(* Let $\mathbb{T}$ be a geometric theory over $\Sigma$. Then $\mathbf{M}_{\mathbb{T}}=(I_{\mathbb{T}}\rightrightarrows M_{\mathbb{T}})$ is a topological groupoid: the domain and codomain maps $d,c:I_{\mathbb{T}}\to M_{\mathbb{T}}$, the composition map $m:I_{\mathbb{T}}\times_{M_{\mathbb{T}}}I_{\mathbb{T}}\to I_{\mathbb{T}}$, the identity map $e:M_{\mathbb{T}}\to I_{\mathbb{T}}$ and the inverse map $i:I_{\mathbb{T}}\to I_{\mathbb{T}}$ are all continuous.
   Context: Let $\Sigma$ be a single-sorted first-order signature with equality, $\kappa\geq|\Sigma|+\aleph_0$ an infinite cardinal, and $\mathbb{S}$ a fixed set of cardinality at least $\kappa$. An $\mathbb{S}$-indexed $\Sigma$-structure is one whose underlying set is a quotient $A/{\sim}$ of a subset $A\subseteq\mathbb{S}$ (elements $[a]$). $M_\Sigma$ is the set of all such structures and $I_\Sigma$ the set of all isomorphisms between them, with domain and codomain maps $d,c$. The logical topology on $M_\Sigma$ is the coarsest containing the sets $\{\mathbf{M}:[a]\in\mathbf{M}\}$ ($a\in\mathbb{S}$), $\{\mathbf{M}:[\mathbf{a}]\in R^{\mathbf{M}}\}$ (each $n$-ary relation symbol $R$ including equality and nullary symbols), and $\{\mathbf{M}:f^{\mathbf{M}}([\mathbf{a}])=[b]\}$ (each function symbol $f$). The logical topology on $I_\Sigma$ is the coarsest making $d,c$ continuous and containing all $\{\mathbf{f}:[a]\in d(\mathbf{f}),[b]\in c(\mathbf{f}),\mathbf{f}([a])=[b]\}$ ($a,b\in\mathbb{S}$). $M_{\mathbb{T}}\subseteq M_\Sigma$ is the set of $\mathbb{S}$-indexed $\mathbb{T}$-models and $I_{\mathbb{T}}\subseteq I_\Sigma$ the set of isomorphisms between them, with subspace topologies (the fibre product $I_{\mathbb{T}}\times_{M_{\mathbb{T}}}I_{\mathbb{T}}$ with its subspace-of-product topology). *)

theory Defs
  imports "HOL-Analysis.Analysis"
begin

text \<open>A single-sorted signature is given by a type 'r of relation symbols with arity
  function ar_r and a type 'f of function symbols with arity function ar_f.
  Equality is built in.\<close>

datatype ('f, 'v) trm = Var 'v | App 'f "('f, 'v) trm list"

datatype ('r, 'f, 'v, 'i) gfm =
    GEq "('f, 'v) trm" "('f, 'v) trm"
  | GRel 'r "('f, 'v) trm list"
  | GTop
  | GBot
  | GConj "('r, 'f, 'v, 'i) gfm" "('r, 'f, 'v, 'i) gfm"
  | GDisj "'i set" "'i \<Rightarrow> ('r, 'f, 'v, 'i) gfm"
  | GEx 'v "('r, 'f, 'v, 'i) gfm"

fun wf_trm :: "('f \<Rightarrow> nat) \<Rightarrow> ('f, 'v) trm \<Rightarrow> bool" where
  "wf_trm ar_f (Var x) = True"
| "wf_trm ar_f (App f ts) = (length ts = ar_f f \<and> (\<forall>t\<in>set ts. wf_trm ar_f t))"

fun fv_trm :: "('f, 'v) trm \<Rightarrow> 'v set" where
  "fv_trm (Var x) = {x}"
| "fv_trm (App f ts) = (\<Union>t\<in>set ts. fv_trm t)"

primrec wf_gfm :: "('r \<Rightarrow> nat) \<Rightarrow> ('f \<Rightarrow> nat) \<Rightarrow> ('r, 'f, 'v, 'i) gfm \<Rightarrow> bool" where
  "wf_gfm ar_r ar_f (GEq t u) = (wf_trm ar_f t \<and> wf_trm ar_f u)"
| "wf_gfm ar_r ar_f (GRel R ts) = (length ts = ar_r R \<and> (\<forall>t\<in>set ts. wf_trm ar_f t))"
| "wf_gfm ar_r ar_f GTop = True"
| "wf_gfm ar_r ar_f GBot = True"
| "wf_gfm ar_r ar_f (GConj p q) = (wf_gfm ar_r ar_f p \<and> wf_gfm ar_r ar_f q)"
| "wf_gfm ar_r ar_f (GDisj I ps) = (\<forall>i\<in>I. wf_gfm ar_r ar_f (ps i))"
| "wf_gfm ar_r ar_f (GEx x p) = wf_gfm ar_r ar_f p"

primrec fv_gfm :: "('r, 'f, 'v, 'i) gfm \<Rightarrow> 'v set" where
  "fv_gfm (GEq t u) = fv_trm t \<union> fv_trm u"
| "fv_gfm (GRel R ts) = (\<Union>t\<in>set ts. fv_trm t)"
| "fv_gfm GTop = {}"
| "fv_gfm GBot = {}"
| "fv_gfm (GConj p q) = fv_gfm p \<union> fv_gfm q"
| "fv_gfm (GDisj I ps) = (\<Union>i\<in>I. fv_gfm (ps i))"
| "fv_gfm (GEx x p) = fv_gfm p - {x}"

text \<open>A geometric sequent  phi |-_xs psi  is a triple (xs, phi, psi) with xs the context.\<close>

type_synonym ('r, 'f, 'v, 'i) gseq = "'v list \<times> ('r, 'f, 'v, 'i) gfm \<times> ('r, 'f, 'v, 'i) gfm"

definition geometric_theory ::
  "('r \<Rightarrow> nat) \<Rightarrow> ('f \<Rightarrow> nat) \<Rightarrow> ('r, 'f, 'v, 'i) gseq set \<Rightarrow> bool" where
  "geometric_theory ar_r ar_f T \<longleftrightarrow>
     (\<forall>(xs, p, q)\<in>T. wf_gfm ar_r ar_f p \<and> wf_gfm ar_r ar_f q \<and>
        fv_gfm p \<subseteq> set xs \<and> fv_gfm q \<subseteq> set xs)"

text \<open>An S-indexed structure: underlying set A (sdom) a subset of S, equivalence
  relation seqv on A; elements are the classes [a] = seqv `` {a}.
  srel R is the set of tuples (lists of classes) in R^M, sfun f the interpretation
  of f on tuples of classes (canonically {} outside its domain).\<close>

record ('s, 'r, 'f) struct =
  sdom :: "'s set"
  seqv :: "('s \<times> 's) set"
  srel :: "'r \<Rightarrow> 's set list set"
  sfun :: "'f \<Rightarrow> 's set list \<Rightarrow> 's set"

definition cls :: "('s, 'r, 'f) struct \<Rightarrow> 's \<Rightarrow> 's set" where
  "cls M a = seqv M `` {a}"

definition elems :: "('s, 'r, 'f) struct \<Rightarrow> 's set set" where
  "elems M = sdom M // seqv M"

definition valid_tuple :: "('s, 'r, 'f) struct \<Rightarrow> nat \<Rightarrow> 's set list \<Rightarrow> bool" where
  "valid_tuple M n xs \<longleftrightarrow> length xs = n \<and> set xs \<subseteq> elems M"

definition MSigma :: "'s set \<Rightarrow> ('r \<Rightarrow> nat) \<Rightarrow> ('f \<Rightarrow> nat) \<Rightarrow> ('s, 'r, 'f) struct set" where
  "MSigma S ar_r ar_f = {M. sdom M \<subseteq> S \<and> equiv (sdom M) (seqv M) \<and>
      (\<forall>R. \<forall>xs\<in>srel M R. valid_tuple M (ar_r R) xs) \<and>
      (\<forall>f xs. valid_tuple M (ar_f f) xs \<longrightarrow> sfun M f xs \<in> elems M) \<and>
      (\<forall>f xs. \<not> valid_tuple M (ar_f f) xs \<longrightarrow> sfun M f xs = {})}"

+===+

_EXERCISE_.
All of the data is to be transcribed exactly as written.

_TASK RESULT_.
(* Let $\mathbb{T}$ be a geometric theory over $\Sigma$. Then $\mathbf{M}_{\mathbb{T}}=(I_{\mathbb{T}}\rightrightarrows M_{\mathbb{T}})$ is a topological groupoid: the domain and codomain maps $d,c:I_{\mathbb{T}}\to M_{\mathbb{T}}$, the composition map $m:I_{\mathbb{T}}\times_{M_{\mathbb{T}}}I_{\mathbb{T}}\to I_{\mathbb{T}}$, the identity map $e:M_{\mathbb{T}}\to I_{\mathbb{T}}$ and the inverse map $i:I_{\mathbb{T}}\to I_{\mathbb{T}}$ are all continuous.
   Context: Let $\Sigma$ be a single-sorted first-order signature with equality, $\kappa\geq|\Sigma|+\aleph_0$ an infinite cardinal, and $\mathbb{S}$ a fixed set of cardinality at least $\kappa$. An $\mathbb{S}$-indexed $\Sigma$-structure is one whose underlying set is a quotient $A/{\sim}$ of a subset $A\subseteq\mathbb{S}$ (elements $[a]$). $M_\Sigma$ is the set of all such structures and $I_\Sigma$ the set of all isomorphisms between them, with domain and codomain maps $d,c$. The logical topology on $M_\Sigma$ is the coarsest containing the sets $\{\mathbf{M}:[a]\in\mathbf{M}\}$ ($a\in\mathbb{S}$), $\{\mathbf{M}:[\mathbf{a}]\in R^{\mathbf{M}}\}$ (each $n$-ary relation symbol $R$ including equality and nullary symbols), and $\{\mathbf{M}:f^{\mathbf{M}}([\mathbf{a}])=[b]\}$ (each function symbol $f$). The logical topology on $I_\Sigma$ is the coarsest making $d,c$ continuous and containing all $\{\mathbf{f}:[a]\in d(\mathbf{f}),[b]\in c(\mathbf{f}),\mathbf{f}([a])=[b]\}$ ($a,b\in\mathbb{S}$). $M_{\mathbb{T}}\subseteq M_\Sigma$ is the set of $\mathbb{S}$-indexed $\mathbb{T}$-models and $I_{\mathbb{T}}\subseteq I_\Sigma$ the set of isomorphisms between them, with subspace topologies (the fibre product $I_{\mathbb{T}}\times_{M_{\mathbb{T}}}I_{\mathbb{T}}$ with its subspace-of-product topology). *)

theory Defs
  imports "HOL-Analysis.Analysis"
begin

text \<open>A single-sorted signature is given by a type 'r of relation symbols with arity
  function ar_r and a type 'f of function symbols with arity function ar_f.
  Equality is built in.\<close>

datatype ('f, 'v) trm = Var 'v | App 'f "('f, 'v) trm list"

datatype ('r, 'f, 'v, 'i) gfm =
    GEq "('f, 'v) trm" "('f, 'v) trm"
  | GRel 'r "('f, 'v) trm list"
  | GTop
  | GBot
  | GConj "('r, 'f, 'v, 'i) gfm" "('r, 'f, 'v, 'i) gfm"
  | GDisj "'i set" "'i \<Rightarrow> ('r, 'f, 'v, 'i) gfm"
  | GEx 'v "('r, 'f, 'v, 'i) gfm"

fun wf_trm :: "('f \<Rightarrow> nat) \<Rightarrow> ('f, 'v) trm \<Rightarrow> bool" where
  "wf_trm ar_f (Var x) = True"
| "wf_trm ar_f (App f ts) = (length ts = ar_f f \<and> (\<forall>t\<in>set ts. wf_trm ar_f t))"

fun fv_trm :: "('f, 'v) trm \<Rightarrow> 'v set" where
  "fv_trm (Var x) = {x}"
| "fv_trm (App f ts) = (\<Union>t\<in>set ts. fv_trm t)"

primrec wf_gfm :: "('r \<Rightarrow> nat) \<Rightarrow> ('f \<Rightarrow> nat) \<Rightarrow> ('r, 'f, 'v, 'i) gfm \<Rightarrow> bool" where
  "wf_gfm ar_r ar_f (GEq t u) = (wf_trm ar_f t \<and> wf_trm ar_f u)"
| "wf_gfm ar_r ar_f (GRel R ts) = (length ts = ar_r R \<and> (\<forall>t\<in>set ts. wf_trm ar_f t))"
| "wf_gfm ar_r ar_f GTop = True"
| "wf_gfm ar_r ar_f GBot = True"
| "wf_gfm ar_r ar_f (GConj p q) = (wf_gfm ar_r ar_f p \<and> wf_gfm ar_r ar_f q)"
| "wf_gfm ar_r ar_f (GDisj I ps) = (\<forall>i\<in>I. wf_gfm ar_r ar_f (ps i))"
| "wf_gfm ar_r ar_f (GEx x p) = wf_gfm ar_r ar_f p"

primrec fv_gfm :: "('r, 'f, 'v, 'i) gfm \<Rightarrow> 'v set" where
  "fv_gfm (GEq t u) = fv_trm t \<union> fv_trm u"
| "fv_gfm (GRel R ts) = (\<Union>t\<in>set ts. fv_trm t)"
| "fv_gfm GTop = {}"
| "fv_gfm GBot = {}"
| "fv_gfm (GConj p q) = fv_gfm p \<union> fv_gfm q"
| "fv_gfm (GDisj I ps) = (\<Union>i\<in>I. fv_gfm (ps i))"
| "fv_gfm (GEx x p) = fv_gfm p - {x}"

text \<open>A geometric sequent  phi |-_xs psi  is a triple (xs, phi, psi) with xs the context.\<close>

type_synonym ('r, 'f, 'v, 'i) gseq = "'v list \<times> ('r, 'f, 'v, 'i) gfm \<times> ('r, 'f, 'v, 'i) gfm"

definition geometric_theory ::
  "('r \<Rightarrow> nat) \<Rightarrow> ('f \<Rightarrow> nat) \<Rightarrow> ('r, 'f, 'v, 'i) gseq set \<Rightarrow> bool" where
  "geometric_theory ar_r ar_f T \<longleftrightarrow>
     (\<forall>(xs, p, q)\<in>T. wf_gfm ar_r ar_f p \<and> wf_gfm ar_r ar_f q \<and>
        fv_gfm p \<subseteq> set xs \<and> fv_gfm q \<subseteq> set xs)"

text \<open>An S-indexed structure: underlying set A (sdom) a subset of S, equivalence
  relation seqv on A; elements are the classes [a] = seqv `` {a}.
  srel R is the set of tuples (lists of classes) in R^M, sfun f the interpretation
  of f on tuples of classes (canonically {} outside its domain).\<close>

record ('s, 'r, 'f) struct =
  sdom :: "'s set"
  seqv :: "('s \<times> 's) set"
  srel :: "'r \<Rightarrow> 's set list set"
  sfun :: "'f \<Rightarrow> 's set list \<Rightarrow> 's set"

definition cls :: "('s, 'r, 'f) struct \<Rightarrow> 's \<Rightarrow> 's set" where
  "cls M a = seqv M `` {a}"

definition elems :: "('s, 'r, 'f) struct \<Rightarrow> 's set set" where
  "elems M = sdom M // seqv M"

definition valid_tuple :: "('s, 'r, 'f) struct \<Rightarrow> nat \<Rightarrow> 's set list \<Rightarrow> bool" where
  "valid_tuple M n xs \<longleftrightarrow> length xs = n \<and> set xs \<subseteq> elems M"

definition MSigma :: "'s set \<Rightarrow> ('r \<Rightarrow> nat) \<Rightarrow> ('f \<Rightarrow> nat) \<Rightarrow> ('s, 'r, 'f) struct set" where
  "MSigma S ar_r ar_f = {M. sdom M \<subseteq> S \<and> equiv (sdom M) (seqv M) \<and>
      (\<forall>R. \<forall>xs\<in>srel M R. valid_tuple M (ar_r R) xs) \<and>
      (\<forall>f xs. valid_tuple M (ar_f f) xs \<longrightarrow> sfun M f xs \<in> elems M) \<and>
      (\<forall>f xs. \<not> valid_tuple M (ar_f f) xs \<longrightarrow> sfun M f xs = {})}"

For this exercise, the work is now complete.